[Instructions for the task] Return exactly the lines of the records below, starting at the line that contains "c. indispensable m" and ending at the line that contains "of it, so it", with both of those lines kept.

Stored data:

text \<open>Lattice vectors u \<in> Z^m are functions nat \<Rightarrow> int vanishing outside {..<m};
  positive and negative parts as exponent vectors.\<close>
definition pos_part :: "nat \<Rightarrow> (nat \<Rightarrow> int) \<Rightarrow> (nat \<Rightarrow>\<^sub>0 nat)" where
  "pos_part m u = Abs_poly_mapping (\<lambda>i. if i < m then nat (u i) else 0)"

definition neg_part :: "nat \<Rightarrow> (nat \<Rightarrow> int) \<Rightarrow> (nat \<Rightarrow>\<^sub>0 nat)" where
  "neg_part m u = Abs_poly_mapping (\<lambda>i. if i < m then nat (- u i) else 0)"

definition is_lattice :: "nat \<Rightarrow> (nat \<Rightarrow> int) set \<Rightarrow> bool" where
  "is_lattice m L \<longleftrightarrow> L \<subseteq> {u. \<forall>i\<ge>m. u i = 0} \<and> (\<lambda>i. 0) \<in> L \<and>
     (\<forall>u\<in>L. \<forall>v\<in>L. (\<lambda>i. u i + v i) \<in> L) \<and> (\<forall>u\<in>L. (\<lambda>i. - u i) \<in> L)"

definition lattice_ideal :: "nat \<Rightarrow> (nat \<Rightarrow> int) set \<Rightarrow> 'k::field mpoly set" where
  "lattice_ideal m L = gen_ideal m {xmon (pos_part m u) - xmon (neg_part m u) | u. u \<in> L}"

definition indispensable :: "nat \<Rightarrow> 'k::field mpoly set \<Rightarrow> (nat \<Rightarrow>\<^sub>0 nat) \<Rightarrow> bool" where
  "indispensable m I c \<longleftrightarrow> Poly_Mapping.keys c \<subseteq> {..<m} \<and>
     (\<forall>G. (\<forall>g\<in>G. is_binomial m g) \<and> gen_ideal m G = I \<longrightarrow> (\<exists>B\<in>G. c \<in> Poly_Mapping.keys B))"

definition T_min :: "nat \<Rightarrow> 'k::field mpoly set \<Rightarrow> nat set set" where
  "T_min m I = (let T = {Poly_Mapping.keys c | c. indispensable m I c} in
                  {S \<in> T. \<not> (\<exists>S'\<in>T. S' \<subset> S)})"

definition bar :: "nat \<Rightarrow> 'k::field mpoly set \<Rightarrow> nat" where
  "bar m I = (LEAST s. \<exists>B :: nat \<Rightarrow> 'k mpoly.
      (\<forall>i<s. is_binomial m (B i) \<and> B i \<in> I) \<and>
      radical m I = radical m (gen_ideal m (B ` {..<s})))"

end

(*
  Each S in T_min is the support of an indispensable monomial x^c, and every monomial of a
  polynomial in I_L is divisible by x^(v+) for some non-zero v in L.  Taking v with v+ minimal
  makes x^(v+) itself indispensable, so by minimality of S every monomial of I_L supported
  inside S is supported exactly on S.  Now let B_1, ..., B_s be binomials with
  rad(I_L) = rad(B_1, ..., B_s).  Setting the variables outside S to zero is a ring
  endomorphism of K[x]; it does not kill the binomial of I_L containing x^c, hence not a power
  of it, so it cannot kill every B_i: some monomial of some B_i has support exactly S.  A
  binomial has at most two monomials, so |T_min| <= 2s.  That bar(I_L) is attained at all
  rests on the finiteness of the Graver basis, i.e. Dickson's lemma for the conformal order.
*)

theory Submission
  imports Defs
begin

lemma lookup_pos_part [simp]:
  "Poly_Mapping.lookup (pos_part m u) i = (if i < m then nat (u i) else 0)"
proof -
  have "finite {i. (if i < m then nat (u i) else 0) \<noteq> 0}"
    by (rule finite_subset[of _ "{..<m}"]) auto
  thus ?thesis unfolding pos_part_def by simp
qed

lemma neg_part_eq_pos_part_uminus: "neg_part m u = pos_part m (\<lambda>i. - u i)"
  unfolding neg_part_def pos_part_def ..

lemma lookup_neg_part [simp]:
  "Poly_Mapping.lookup (neg_part m u) i = (if i < m then nat (- u i) else 0)"
  by (simp add: neg_part_eq_pos_part_uminus)

lemma keys_pos_part: "Poly_Mapping.keys (pos_part m u) \<subseteq> {..<m}"
  by (auto simp: in_keys_iff split: if_splits)

lemma keys_neg_part: "Poly_Mapping.keys (neg_part m u) \<subseteq> {..<m}"
  by (auto simp: in_keys_iff split: if_splits)

lemma keys_add_nat: "Poly_Mapping.keys (a + b :: 'a \<Rightarrow>\<^sub>0 nat) = Poly_Mapping.keys a \<union> Poly_Mapping.keys b"
  by (auto simp: in_keys_iff lookup_add)

lemma keys_subset_if_lookup_le:
  "Poly_Mapping.lookup a \<le> Poly_Mapping.lookup b \<Longrightarrow> Poly_Mapping.keys a \<subseteq> Poly_Mapping.keys (b :: 'a \<Rightarrow>\<^sub>0 nat)"
  by (metis in_keys_iff le_fun_def le_zero_eq subsetI)

lemma sum_lookup_strict_mono:
  fixes a b :: "'a \<Rightarrow>\<^sub>0 nat"
  assumes "Poly_Mapping.lookup a \<le> Poly_Mapping.lookup b" "a \<noteq> b" "finite I" "Poly_Mapping.keys b \<subseteq> I"
  shows "(\<Sum>i\<in>I. Poly_Mapping.lookup a i) < (\<Sum>i\<in>I. Poly_Mapping.lookup b i)"
proof -
  obtain i where i: "Poly_Mapping.lookup a i < Poly_Mapping.lookup b i"
    using assms(1,2) poly_mapping_eqI[of a b] by (metis antisym le_fun_def order_le_less)
  hence "i \<in> I" using assms(4) by (auto simp: in_keys_iff)
  with i show ?thesis using assms(1,3) by (intro sum_strict_mono_ex1) (auto simp: le_fun_def)
qed

lemma lattice_vanishes: "is_lattice m L \<Longrightarrow> u \<in> L \<Longrightarrow> m \<le> i \<Longrightarrow> u i = 0"
  unfolding is_lattice_def by auto

lemma lattice_uminus: "is_lattice m L \<Longrightarrow> u \<in> L \<Longrightarrow> (\<lambda>i. - u i) \<in> L"
  unfolding is_lattice_def by auto

lemma lattice_diff:
  assumes "is_lattice m L" "u \<in> L" "v \<in> L"
  shows "(\<lambda>i. u i - v i) \<in> L"
proof -
  have "\<forall>u\<in>L. \<forall>v\<in>L. (\<lambda>i. u i + v i) \<in> L" using assms(1) unfolding is_lattice_def by auto
  from this[rule_format, OF assms(2) lattice_uminus[OF assms(1,3)]] show ?thesis by simp
qed

lemma xmon_add: "xmon (a + b) = (xmon a * xmon b :: 'k::field mpoly)"
  unfolding xmon_def by (simp add: mult_single)

lemma in_ring_zero: "in_ring m 0"
  unfolding in_ring_def by simp

lemma in_ring_one: "in_ring m 1"
  unfolding in_ring_def by simp

lemma in_ring_add: "in_ring m p \<Longrightarrow> in_ring m q \<Longrightarrow> in_ring m (p + q)"
  unfolding in_ring_def using keys_add[of p q] by blast

lemma in_ring_diff: "in_ring m p \<Longrightarrow> in_ring m q \<Longrightarrow> in_ring m (p - q)"
  unfolding in_ring_def using keys_diff[of p q] by blast

lemma in_ring_mult: "in_ring m p \<Longrightarrow> in_ring m q \<Longrightarrow> in_ring m (p * q)"
  unfolding in_ring_def using keys_mult[of p q] by (fastforce simp: keys_add_nat)

lemma in_ring_xmon: "Poly_Mapping.keys a \<subseteq> {..<m} \<Longrightarrow> in_ring m (xmon a)"
  unfolding in_ring_def xmon_def by simp

lemma gen_ideal_zero: "0 \<in> gen_ideal m S"
  unfolding gen_ideal_def by (rule CollectI, rule exI[of _ "{}"]) auto

lemma gen_ideal_base: "s \<in> S \<Longrightarrow> s \<in> gen_ideal m S"
  unfolding gen_ideal_def
  by (intro CollectI exI[of _ "{s}"] exI[of _ "\<lambda>_. 1"]) (auto simp: in_ring_one)

lemma gen_ideal_add:
  assumes "p \<in> gen_ideal m S" "q \<in> gen_ideal m S"
  shows "p + q \<in> gen_ideal m S"
proof -
  obtain F c where F: "finite F" "F \<subseteq> S" "\<forall>s\<in>F. in_ring m (c s)" "p = (\<Sum>s\<in>F. c s * s)"
    using assms(1) unfolding gen_ideal_def by blast
  obtain G d where G: "finite G" "G \<subseteq> S" "\<forall>s\<in>G. in_ring m (d s)" "q = (\<Sum>s\<in>G. d s * s)"
    using assms(2) unfolding gen_ideal_def by blast
  define e where "e s = (if s \<in> F then c s else 0) + (if s \<in> G then d s else 0)" for s
  have "p = (\<Sum>s\<in>F \<union> G. (if s \<in> F then c s else 0) * s)"
    unfolding F(4) using F(1) G(1) by (intro sum.mono_neutral_cong_left) auto
  moreover have "q = (\<Sum>s\<in>F \<union> G. (if s \<in> G then d s else 0) * s)"
    unfolding G(4) using F(1) G(1) by (intro sum.mono_neutral_cong_left) auto
  ultimately have "p + q = (\<Sum>s\<in>F \<union> G. e s * s)"
    by (simp add: e_def sum.distrib distrib_right)
  moreover have "\<forall>s\<in>F \<union> G. in_ring m (e s)"
    using F(3) G(3) by (auto simp: e_def intro!: in_ring_add in_ring_zero)
  ultimately show ?thesis
    unfolding gen_ideal_def using F(1,2) G(1,2) by (intro CollectI exI[of _ "F \<union> G"] exI[of _ e]) auto
qed

lemma gen_ideal_mult:
  assumes "p \<in> gen_ideal m S" "in_ring m q"
  shows "q * p \<in> gen_ideal m S"
proof -
  obtain F c where F: "finite F" "F \<subseteq> S" "\<forall>s\<in>F. in_ring m (c s)" "p = (\<Sum>s\<in>F. c s * s)"
    using assms(1) unfolding gen_ideal_def by blast
  have "q * p = (\<Sum>s\<in>F. (q * c s) * s)" unfolding F(4) by (simp add: sum_distrib_left mult.assoc)
  moreover have "\<forall>s\<in>F. in_ring m (q * c s)" using F(3) assms(2) by (auto intro: in_ring_mult)
  ultimately show ?thesis
    unfolding gen_ideal_def using F(1,2) by (intro CollectI exI[of _ F] exI[of _ "\<lambda>s. q * c s"]) auto
qed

[Response to this task]
  "T_min m I = (let T = {Poly_Mapping.keys c | c. indispensable m I c} in
                  {S \<in> T. \<not> (\<exists>S'\<in>T. S' \<subset> S)})"

definition bar :: "nat \<Rightarrow> 'k::field mpoly set \<Rightarrow> nat" where
  "bar m I = (LEAST s. \<exists>B :: nat \<Rightarrow> 'k mpoly.
      (\<forall>i<s. is_binomial m (B i) \<and> B i \<in> I) \<and>
      radical m I = radical m (gen_ideal m (B ` {..<s})))"

end

(*
  Each S in T_min is the support of an indispensable monomial x^c, and every monomial of a
  polynomial in I_L is divisible by x^(v+) for some non-zero v in L.  Taking v with v+ minimal
  makes x^(v+) itself indispensable, so by minimality of S every monomial of I_L supported
  inside S is supported exactly on S.  Now let B_1, ..., B_s be binomials with
  rad(I_L) = rad(B_1, ..., B_s).  Setting the variables outside S to zero is a ring
  endomorphism of K[x]; it does not kill the binomial of I_L containing x^c, hence not a power
  of it, so it cannot kill every B_i: some monomial of some B_i has support exactly S.  A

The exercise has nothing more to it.